## Problem requirements
Work out how many lines of the material contain the string "cong". Respond with the number only.

######

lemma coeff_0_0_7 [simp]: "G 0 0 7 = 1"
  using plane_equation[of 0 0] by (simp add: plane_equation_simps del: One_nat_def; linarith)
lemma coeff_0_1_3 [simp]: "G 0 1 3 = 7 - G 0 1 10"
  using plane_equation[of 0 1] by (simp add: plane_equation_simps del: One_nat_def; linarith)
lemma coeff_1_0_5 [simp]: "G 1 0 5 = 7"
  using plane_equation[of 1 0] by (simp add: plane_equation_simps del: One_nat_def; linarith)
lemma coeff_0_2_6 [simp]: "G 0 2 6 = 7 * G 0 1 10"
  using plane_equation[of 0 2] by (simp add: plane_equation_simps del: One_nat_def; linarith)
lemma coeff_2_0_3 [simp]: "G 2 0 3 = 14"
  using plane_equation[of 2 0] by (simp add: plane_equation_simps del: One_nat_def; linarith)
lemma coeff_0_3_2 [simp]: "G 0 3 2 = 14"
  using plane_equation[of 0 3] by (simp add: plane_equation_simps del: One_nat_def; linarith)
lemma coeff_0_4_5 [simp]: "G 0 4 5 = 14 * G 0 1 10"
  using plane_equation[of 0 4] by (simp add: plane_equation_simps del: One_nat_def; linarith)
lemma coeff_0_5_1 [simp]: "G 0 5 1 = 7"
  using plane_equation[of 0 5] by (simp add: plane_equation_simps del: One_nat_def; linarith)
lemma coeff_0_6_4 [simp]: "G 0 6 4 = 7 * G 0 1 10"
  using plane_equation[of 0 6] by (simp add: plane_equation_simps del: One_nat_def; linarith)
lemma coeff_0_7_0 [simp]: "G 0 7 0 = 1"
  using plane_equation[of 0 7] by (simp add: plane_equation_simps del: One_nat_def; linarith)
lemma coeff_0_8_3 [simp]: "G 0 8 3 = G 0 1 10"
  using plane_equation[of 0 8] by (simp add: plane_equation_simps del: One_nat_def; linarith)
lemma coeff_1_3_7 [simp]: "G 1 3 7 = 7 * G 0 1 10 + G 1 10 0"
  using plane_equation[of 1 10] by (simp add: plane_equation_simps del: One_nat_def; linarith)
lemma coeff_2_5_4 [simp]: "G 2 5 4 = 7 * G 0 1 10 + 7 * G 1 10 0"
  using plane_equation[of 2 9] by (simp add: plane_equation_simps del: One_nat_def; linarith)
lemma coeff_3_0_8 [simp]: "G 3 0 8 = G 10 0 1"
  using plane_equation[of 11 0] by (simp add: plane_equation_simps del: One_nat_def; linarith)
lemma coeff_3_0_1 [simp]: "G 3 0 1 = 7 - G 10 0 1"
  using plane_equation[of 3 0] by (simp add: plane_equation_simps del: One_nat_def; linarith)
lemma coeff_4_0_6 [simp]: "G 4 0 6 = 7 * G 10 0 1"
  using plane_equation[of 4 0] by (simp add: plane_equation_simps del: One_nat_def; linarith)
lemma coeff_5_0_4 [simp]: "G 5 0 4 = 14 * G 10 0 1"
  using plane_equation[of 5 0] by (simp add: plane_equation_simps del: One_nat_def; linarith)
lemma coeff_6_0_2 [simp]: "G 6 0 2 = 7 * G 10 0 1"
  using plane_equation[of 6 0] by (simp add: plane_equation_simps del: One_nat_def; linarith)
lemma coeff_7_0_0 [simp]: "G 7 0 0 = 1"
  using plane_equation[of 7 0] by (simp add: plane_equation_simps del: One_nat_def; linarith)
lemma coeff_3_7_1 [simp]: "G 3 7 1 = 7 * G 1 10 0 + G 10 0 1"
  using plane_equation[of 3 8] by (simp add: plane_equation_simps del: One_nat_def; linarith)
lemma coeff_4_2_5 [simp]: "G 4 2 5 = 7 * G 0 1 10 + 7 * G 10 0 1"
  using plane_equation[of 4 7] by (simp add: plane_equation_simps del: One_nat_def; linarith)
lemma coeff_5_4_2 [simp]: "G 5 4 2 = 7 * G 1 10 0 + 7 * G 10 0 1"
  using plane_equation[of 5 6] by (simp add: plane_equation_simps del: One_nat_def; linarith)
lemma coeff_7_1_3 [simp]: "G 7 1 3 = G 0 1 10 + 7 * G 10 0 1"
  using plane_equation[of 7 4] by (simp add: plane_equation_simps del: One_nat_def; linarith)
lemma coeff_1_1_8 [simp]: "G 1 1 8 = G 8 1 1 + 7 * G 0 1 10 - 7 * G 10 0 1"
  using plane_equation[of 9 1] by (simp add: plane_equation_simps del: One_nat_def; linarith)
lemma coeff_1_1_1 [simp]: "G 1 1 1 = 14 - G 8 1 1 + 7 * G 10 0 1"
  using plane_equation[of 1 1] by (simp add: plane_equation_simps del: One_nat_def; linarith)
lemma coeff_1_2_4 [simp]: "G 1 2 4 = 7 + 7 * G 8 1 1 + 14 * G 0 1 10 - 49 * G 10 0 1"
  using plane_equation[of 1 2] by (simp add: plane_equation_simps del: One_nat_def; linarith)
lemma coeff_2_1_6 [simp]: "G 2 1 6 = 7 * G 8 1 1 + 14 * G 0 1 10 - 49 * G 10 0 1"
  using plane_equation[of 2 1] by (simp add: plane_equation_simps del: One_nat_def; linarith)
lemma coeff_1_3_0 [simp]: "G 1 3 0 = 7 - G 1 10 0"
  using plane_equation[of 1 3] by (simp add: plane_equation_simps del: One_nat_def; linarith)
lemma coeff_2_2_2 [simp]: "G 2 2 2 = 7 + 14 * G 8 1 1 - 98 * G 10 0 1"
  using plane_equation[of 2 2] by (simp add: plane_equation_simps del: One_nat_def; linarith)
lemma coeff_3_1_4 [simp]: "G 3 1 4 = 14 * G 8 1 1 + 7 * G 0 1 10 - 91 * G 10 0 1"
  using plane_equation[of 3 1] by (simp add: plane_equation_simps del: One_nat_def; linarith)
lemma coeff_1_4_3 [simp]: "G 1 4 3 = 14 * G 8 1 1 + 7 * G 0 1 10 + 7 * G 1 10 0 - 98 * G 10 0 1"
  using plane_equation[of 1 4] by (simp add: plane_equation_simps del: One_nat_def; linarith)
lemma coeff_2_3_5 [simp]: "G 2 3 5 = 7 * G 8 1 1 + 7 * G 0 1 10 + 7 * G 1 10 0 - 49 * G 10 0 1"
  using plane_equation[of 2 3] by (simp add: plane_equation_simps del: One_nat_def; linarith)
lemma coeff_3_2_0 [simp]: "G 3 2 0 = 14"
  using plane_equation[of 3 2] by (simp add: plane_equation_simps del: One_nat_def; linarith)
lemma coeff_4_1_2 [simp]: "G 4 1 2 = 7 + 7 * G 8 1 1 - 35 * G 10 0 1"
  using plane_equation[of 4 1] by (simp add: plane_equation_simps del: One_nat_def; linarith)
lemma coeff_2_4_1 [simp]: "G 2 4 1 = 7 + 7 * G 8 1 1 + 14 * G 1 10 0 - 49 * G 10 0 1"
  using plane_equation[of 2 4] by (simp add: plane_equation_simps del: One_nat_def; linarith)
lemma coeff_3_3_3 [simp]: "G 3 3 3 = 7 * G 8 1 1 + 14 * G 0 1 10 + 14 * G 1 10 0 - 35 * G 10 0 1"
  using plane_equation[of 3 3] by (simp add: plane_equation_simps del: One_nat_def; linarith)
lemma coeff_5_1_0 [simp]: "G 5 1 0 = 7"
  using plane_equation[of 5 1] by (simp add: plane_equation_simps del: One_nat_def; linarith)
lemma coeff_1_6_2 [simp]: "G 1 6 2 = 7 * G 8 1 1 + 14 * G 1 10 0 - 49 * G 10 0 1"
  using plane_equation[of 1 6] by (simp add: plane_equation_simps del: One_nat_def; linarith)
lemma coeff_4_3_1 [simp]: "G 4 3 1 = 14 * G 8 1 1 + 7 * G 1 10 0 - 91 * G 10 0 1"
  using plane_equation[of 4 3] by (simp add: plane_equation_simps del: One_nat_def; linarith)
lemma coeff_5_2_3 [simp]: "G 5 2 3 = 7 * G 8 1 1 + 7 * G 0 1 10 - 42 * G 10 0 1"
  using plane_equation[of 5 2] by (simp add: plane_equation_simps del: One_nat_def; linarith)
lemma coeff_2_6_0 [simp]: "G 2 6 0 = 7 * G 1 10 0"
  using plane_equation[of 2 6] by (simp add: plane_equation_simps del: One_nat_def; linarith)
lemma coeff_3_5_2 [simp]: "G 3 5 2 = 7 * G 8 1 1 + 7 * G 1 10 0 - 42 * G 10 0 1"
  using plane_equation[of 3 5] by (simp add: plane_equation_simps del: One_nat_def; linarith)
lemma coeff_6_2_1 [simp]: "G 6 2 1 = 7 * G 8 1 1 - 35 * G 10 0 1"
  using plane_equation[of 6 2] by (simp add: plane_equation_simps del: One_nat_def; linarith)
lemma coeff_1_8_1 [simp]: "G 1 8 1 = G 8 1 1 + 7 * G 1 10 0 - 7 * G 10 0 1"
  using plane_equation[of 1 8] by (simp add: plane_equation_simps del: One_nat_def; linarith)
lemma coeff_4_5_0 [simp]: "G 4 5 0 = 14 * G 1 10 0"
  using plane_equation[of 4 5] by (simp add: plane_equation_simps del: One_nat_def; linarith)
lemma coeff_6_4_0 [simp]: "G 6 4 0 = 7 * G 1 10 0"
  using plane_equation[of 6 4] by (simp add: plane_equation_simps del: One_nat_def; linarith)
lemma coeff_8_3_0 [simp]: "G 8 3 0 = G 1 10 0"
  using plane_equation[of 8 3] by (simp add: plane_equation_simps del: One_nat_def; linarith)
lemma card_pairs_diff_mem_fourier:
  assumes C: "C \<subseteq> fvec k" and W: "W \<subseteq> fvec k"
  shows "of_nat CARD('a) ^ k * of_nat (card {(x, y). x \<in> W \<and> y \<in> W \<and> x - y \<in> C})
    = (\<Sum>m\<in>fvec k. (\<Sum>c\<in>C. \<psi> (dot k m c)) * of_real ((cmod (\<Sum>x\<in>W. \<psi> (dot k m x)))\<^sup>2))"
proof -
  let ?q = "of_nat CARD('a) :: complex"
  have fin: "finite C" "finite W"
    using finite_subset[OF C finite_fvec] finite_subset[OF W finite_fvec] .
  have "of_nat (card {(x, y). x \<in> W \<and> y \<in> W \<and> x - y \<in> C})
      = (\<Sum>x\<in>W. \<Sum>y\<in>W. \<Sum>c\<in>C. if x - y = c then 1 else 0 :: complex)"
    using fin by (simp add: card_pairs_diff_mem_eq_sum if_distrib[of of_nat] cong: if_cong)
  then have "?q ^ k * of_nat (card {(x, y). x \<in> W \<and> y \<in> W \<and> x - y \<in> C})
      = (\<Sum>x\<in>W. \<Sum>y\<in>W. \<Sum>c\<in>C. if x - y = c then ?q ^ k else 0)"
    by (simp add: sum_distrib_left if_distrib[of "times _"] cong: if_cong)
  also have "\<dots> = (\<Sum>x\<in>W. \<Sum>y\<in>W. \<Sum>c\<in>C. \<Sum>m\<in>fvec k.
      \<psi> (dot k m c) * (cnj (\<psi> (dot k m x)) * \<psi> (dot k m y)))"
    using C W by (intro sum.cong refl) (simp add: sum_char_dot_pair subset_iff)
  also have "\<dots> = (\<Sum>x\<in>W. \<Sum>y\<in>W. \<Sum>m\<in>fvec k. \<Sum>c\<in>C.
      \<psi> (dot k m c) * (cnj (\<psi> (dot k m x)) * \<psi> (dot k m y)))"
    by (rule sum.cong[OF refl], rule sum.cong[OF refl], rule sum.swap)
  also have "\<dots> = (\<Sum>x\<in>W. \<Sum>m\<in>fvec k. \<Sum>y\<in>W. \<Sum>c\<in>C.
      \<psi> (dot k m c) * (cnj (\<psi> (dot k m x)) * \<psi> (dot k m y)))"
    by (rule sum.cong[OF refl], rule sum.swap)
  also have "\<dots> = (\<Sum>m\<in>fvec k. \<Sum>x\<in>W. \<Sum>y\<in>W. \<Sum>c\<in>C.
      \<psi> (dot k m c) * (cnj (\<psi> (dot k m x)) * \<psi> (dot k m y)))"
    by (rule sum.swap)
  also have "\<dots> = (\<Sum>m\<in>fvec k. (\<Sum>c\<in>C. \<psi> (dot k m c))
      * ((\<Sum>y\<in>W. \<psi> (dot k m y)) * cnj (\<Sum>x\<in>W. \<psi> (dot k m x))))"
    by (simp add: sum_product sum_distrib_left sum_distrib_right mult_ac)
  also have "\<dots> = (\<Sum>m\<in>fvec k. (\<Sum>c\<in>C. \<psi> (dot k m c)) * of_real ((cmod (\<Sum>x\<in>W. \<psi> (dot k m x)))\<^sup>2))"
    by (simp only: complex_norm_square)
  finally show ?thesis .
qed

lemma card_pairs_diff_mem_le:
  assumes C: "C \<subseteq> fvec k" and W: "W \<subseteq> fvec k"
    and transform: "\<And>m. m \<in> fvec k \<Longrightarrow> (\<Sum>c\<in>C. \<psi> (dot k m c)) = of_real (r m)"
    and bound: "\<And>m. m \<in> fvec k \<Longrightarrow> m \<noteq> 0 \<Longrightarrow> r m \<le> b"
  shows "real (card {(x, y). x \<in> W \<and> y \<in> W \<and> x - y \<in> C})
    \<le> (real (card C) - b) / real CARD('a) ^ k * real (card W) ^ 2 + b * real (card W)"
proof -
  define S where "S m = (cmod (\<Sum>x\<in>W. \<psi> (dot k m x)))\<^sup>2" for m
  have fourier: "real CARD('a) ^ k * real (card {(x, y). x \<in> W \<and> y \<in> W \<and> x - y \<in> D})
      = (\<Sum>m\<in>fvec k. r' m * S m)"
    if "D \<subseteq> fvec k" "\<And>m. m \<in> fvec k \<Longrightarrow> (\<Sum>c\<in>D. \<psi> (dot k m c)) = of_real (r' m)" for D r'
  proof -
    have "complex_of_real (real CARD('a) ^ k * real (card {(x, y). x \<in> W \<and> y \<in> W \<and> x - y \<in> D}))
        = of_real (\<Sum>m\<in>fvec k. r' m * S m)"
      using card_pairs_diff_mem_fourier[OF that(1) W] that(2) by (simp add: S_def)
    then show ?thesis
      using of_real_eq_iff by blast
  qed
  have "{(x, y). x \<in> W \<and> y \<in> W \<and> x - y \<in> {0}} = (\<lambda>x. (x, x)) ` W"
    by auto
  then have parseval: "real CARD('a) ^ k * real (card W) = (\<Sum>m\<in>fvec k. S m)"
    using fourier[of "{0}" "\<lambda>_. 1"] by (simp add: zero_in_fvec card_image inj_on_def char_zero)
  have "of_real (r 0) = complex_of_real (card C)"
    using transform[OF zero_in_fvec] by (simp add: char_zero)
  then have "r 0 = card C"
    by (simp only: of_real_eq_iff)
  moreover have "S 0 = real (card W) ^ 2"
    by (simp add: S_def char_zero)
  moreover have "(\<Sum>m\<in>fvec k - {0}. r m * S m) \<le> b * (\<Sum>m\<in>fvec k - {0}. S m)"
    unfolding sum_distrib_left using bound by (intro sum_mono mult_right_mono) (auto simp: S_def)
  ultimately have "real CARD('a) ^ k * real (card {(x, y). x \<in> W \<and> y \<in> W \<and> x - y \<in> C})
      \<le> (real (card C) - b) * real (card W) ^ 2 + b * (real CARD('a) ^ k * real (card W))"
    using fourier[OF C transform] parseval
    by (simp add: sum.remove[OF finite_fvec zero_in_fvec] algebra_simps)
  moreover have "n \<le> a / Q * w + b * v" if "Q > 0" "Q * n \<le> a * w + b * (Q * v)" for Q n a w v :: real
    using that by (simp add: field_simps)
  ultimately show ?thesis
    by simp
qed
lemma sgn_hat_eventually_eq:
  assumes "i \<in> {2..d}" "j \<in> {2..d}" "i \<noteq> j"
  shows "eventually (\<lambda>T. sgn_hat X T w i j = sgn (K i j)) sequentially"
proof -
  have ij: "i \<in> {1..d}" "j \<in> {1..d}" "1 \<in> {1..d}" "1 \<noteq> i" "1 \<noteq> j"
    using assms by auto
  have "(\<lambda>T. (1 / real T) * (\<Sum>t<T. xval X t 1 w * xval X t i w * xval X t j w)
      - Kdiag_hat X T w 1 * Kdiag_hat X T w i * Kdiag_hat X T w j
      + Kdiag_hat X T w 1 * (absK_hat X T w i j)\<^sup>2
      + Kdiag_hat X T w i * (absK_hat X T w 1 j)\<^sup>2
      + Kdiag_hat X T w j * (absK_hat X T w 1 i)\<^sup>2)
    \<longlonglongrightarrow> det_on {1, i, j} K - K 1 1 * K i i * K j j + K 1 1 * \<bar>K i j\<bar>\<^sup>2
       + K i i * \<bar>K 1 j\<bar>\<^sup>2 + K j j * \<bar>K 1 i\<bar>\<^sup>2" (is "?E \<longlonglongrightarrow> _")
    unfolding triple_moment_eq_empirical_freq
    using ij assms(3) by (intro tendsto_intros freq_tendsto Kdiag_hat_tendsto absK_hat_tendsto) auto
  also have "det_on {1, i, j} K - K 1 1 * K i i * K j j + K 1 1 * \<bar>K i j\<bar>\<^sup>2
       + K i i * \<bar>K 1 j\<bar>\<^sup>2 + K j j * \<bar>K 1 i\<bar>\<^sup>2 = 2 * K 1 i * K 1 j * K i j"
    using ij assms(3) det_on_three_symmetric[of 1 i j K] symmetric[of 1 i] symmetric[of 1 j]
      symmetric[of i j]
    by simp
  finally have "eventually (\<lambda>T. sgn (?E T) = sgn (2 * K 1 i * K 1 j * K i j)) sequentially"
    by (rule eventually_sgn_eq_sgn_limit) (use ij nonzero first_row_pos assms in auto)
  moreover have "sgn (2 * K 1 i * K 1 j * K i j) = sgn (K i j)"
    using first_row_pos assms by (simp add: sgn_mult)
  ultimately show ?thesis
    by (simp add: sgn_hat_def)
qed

######

## Worked solution
5